Genes downregulated in cells expressing Ank13 show enriched modulation of the inflammatory response. The 60 host genes that were downregulated (A) or 18 genes that were upregulated (B) ≥2-fold in cells expressing GFP-Ank13 were subjected to STRING analysis. The shaded blue oval in panel A was added manually to denote genes involved in host cell inflammatory response.

FIG 11

Differential gene expression profiles influenced by O. tsutsugamushi infection.
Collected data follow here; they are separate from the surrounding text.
definition poly_in_A :: "nat \<Rightarrow> ((nat \<Rightarrow> complex) \<Rightarrow> 'b \<Rightarrow> complex) \<Rightarrow> bool" where
  "poly_in_A k f \<longleftrightarrow> (\<exists>S c. finite (S :: (nat \<Rightarrow> nat) set) \<and>
     (\<forall>A x. f A x = (\<Sum>\<alpha>\<in>S. c \<alpha> x * (\<Prod>a\<in>{1..k}. A a ^ \<alpha> a))))"

definition laurent_in :: "nat \<Rightarrow> ((nat \<Rightarrow> complex) \<Rightarrow> complex) \<Rightarrow> bool" where
  "laurent_in n g \<longleftrightarrow> (\<exists>T d. finite (T :: (nat \<Rightarrow> int) set) \<and>
     (\<forall>B. (\<forall>j\<in>{1..n}. B j \<noteq> 0) \<longrightarrow>
        g B = (\<Sum>\<beta>\<in>T. d \<beta> * (\<Prod>j\<in>{1..n}. B j powi \<beta> j))))"

definition symmetric_in :: "nat \<Rightarrow> ((nat \<Rightarrow> complex) \<Rightarrow> 'c) \<Rightarrow> bool" where
  "symmetric_in n g \<longleftrightarrow> (\<forall>\<sigma> B. \<sigma> permutes {1..n} \<longrightarrow> g (B \<circ> \<sigma>) = g B)"

definition sym_laurent_poly :: "nat \<Rightarrow> nat \<Rightarrow> ((nat \<Rightarrow> complex) \<Rightarrow> (nat \<Rightarrow> complex) \<Rightarrow> complex) \<Rightarrow> bool" where
  "sym_laurent_poly k n P \<longleftrightarrow> (\<exists>S c. finite (S :: (nat \<Rightarrow> nat) set) \<and>
     (\<forall>\<alpha>\<in>S. laurent_in n (c \<alpha>) \<and> symmetric_in n (c \<alpha>)) \<and>
     (\<forall>A B. P A B = (\<Sum>\<alpha>\<in>S. c \<alpha> B * (\<Prod>a\<in>{1..k}. A a ^ \<alpha> a))))"

definition Asym :: "nat \<Rightarrow> nat \<Rightarrow> ((nat \<Rightarrow> complex) \<Rightarrow> complex) \<Rightarrow> (nat \<Rightarrow> complex) \<Rightarrow> complex" where
  "Asym r l f A = (\<Sum>\<sigma>\<in>{\<sigma>. \<sigma> permutes {r+1..l}}. of_int (sign \<sigma>) * f (A \<circ> \<sigma>))"

definition Qplus :: "nat \<Rightarrow> nat \<Rightarrow> complex \<Rightarrow> nat \<Rightarrow> (nat \<Rightarrow> complex) \<Rightarrow> (nat \<Rightarrow> complex) \<Rightarrow> complex" where
  "Qplus m r y n A B =
     (\<Prod>a\<in>{r+1..ell m r n}. 1 - A a ^ 2 * exp (2 * y)) / (\<Prod>j\<in>{1..n}. 1 - B j * exp y)"

end

theory Submission
  imports Defs
begin

text \<open>Q_{n(+)} is symmetric in the B_j, so P_n Q_{n(+)} stays symmetric, and its numerator is
  symmetric in A_{r+1}, ..., A_{l_n}, so it passes through the antisymmetrisation. Hence the new
  tilde-P_n and bar-P_n are the old ones times Q_{n(+)} specialised at B_{n-1} = B, B_n = -B. This
  specialisation puts (1 - B e^y)(1 + B e^y) = 1 - B^2 e^{2y} into the denominator, which cancels
  the numerator factor a = l_n once A_{l_n} = +-B; as l_{n-2} = l_n - 1, what remains is
  Q_{n-2(+)}.\<close>

lemma poly_in_A_const: "poly_in_A k (\<lambda>A x. c x)"
  unfolding poly_in_A_def
  by (rule exI[of _ "{\<lambda>_. 0}"], rule exI[of _ "\<lambda>_ x. c x"]) simp
(* Let $n\in\mathbb N$ and $S\subseteq[n-1]$. Then $$F_{n,S}(\mathbf x)=\sum_{\alpha}\frac{\Psi_\alpha(\mathbf x)}{z_\alpha}(-1)^{|S\setminus S_\alpha|},$$ where the sum ranges over all compositions $\alpha$ of $n$ such that $S$ is $\alpha$-unimodal.
   Context: A composition $\alpha=(\alpha_1,\dots,\alpha_\ell)$ of $n$ is a sequence of positive integers summing to $n$; $\ell(\alpha)=\ell$; $S_\alpha=\{\alpha_1,\alpha_1+\alpha_2,\dots,\alpha_1+\dots+\alpha_{\ell-1}\}$; blocks $B_i(\alpha)=\{\alpha_1+\dots+\alpha_{i-1}+1,\dots,\alpha_1+\dots+\alpha_i\}$. $\alpha\le\beta$ means $S_\beta\subseteq S_\alpha$. A set $S\subseteq[n-1]$ is $\alpha$-unimodal if for every $i$ the set $S\cap(B_i(\alpha)\setminus S_\alpha)$ is an initial segment (in increasing order) of $B_i(\alpha)\setminus S_\alpha$. Quasisymmetric functions in $\mathbf x=(x_1,x_2,\dots)$: monomial $M_\alpha=\sum_{i_1<\dots<i_\ell}x_{i_1}^{\alpha_1}\cdots x_{i_\ell}^{\alpha_\ell}$; fundamental $F_{n,S}=\sum x_{j_1}\cdots x_{j_n}$ over $j_1\le\dots\le j_n$ with $j_i<j_{i+1}$ for $i\in S$. $z_\alpha=\prod_{i\ge1}i^{m_i}m_i!$ with $m_i$ the number of parts equal to $i$. For a composition $\gamma$ set $\pi(\gamma)=\prod_{i=1}^{\ell(\gamma)}(\gamma_1+\dots+\gamma_i)$; for $\alpha\le\beta$ set $\pi(\alpha,\beta)=\prod_{i=1}^{\ell(\beta)}\pi(\alpha^{(i)})$, where $\alpha^{(i)}$ is the composition of $\beta_i$ formed by the parts $\alpha_j$ with $B_j(\alpha)\subseteq B_i(\beta)$. The quasisymmetric power sum is $\Psi_\alpha=z_\alpha\sum_{\beta\ge\alpha}\frac{1}{\pi(\alpha,\beta)}M_\beta$. *)

theory Defs
  imports Complex_Main
begin

text \<open>Quasisymmetric functions in
infinitely many variables x_0, x_1, ... are represented by their coefficient
functions: a monomial is an exponent vector e :: nat \<Rightarrow> nat (finite support),
and a series is a map from exponent vectors to real coefficients.\<close>

definition compositions :: "nat \<Rightarrow> nat list set" where
  "compositions n = {\<alpha>. (\<forall>a\<in>set \<alpha>. 0 < a) \<and> sum_list \<alpha> = n}"

definition Sset :: "nat list \<Rightarrow> nat set" where
  "Sset \<alpha> = {sum_list (take k \<alpha>) | k. 1 \<le> k \<and> k \<le> length \<alpha> - 1}"

text \<open>Block B_(k+1)(alpha), 0-indexed by k < length alpha.\<close>
definition block :: "nat list \<Rightarrow> nat \<Rightarrow> nat set" where
  "block \<alpha> k = {sum_list (take k \<alpha>) + 1 .. sum_list (take (Suc k) \<alpha>)}"

definition comp_le :: "nat list \<Rightarrow> nat list \<Rightarrow> bool" where
  "comp_le \<alpha> \<beta> \<longleftrightarrow> Sset \<beta> \<subseteq> Sset \<alpha>"

definition unimodal :: "nat list \<Rightarrow> nat set \<Rightarrow> bool" where
  "unimodal \<alpha> S \<longleftrightarrow>
     (\<forall>k < length \<alpha>. \<forall>x \<in> S \<inter> (block \<alpha> k - Sset \<alpha>).
        \<forall>y \<in> block \<alpha> k - Sset \<alpha>. y < x \<longrightarrow> y \<in> S)"

definition z :: "nat list \<Rightarrow> nat" where
  "z \<alpha> = (\<Prod>i\<in>set \<alpha>. i ^ count_list \<alpha> i * fact (count_list \<alpha> i))"

definition pi_comp :: "nat list \<Rightarrow> nat" where
  "pi_comp \<gamma> = (\<Prod>i=1..length \<gamma>. sum_list (take i \<gamma>))"

definition refine_part :: "nat list \<Rightarrow> nat list \<Rightarrow> nat \<Rightarrow> nat list" where
  "refine_part \<alpha> \<beta> i = map (\<lambda>j. \<alpha> ! j) (filter (\<lambda>j. block \<alpha> j \<subseteq> block \<beta> i) [0..<length \<alpha>])"

definition pi_pair :: "nat list \<Rightarrow> nat list \<Rightarrow> nat" where
  "pi_pair \<alpha> \<beta> = (\<Prod>i<length \<beta>. pi_comp (refine_part \<alpha> \<beta> i))"

text \<open>Coefficient of x^e in M_alpha: sum over i_1 < ... < i_l of x_(i_1)^(alpha_1)...\<close>
definition M_coeff :: "nat list \<Rightarrow> (nat \<Rightarrow> nat) \<Rightarrow> real" where
  "M_coeff \<alpha> e = real (card {is. length is = length \<alpha> \<and> sorted_wrt (<) is \<and>
      (\<forall>v. e v = (\<Sum>k<length \<alpha>. if is ! k = v then \<alpha> ! k else 0))})"

text \<open>Coefficient of x^e in F_(n,S): sum over j_1 \<le> ... \<le> j_n with j_i < j_(i+1) for i \<in> S.
 (List positions are 0-indexed, so j_i is js ! (i-1).)\<close>
definition F_coeff :: "nat \<Rightarrow> nat set \<Rightarrow> (nat \<Rightarrow> nat) \<Rightarrow> real" where
  "F_coeff n S e = real (card {js. length js = n \<and> sorted js \<and>
      (\<forall>i\<in>S. js ! (i - 1) < js ! i) \<and> (\<forall>v. count_list js v = e v)})"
Volcano plots showing differential expression profiles for cells infected with O. tsutsugamushi for 4 h (A) or 48 h (B) compared to uninfected cells. Gray horizontal dashed line indicates the threshold for significantly differentially expressed genes (P_adj < 0.05). Vertical dashes indicate genes exhibiting a log₂(fold change) of >1 or <−1. Each dot corresponds to an individual gene. Blue dots indicate no significant difference in infected cells compared to uninfected cells. Red and green dots indicate genes that are up- or downregulated, respectively, in cells expressing GFP fusions versus cells expressing GFP. Fractions in top corners denote the number of genes with log₂(fold change) of >1 or <−1 out of the total number of differentially expressed genes.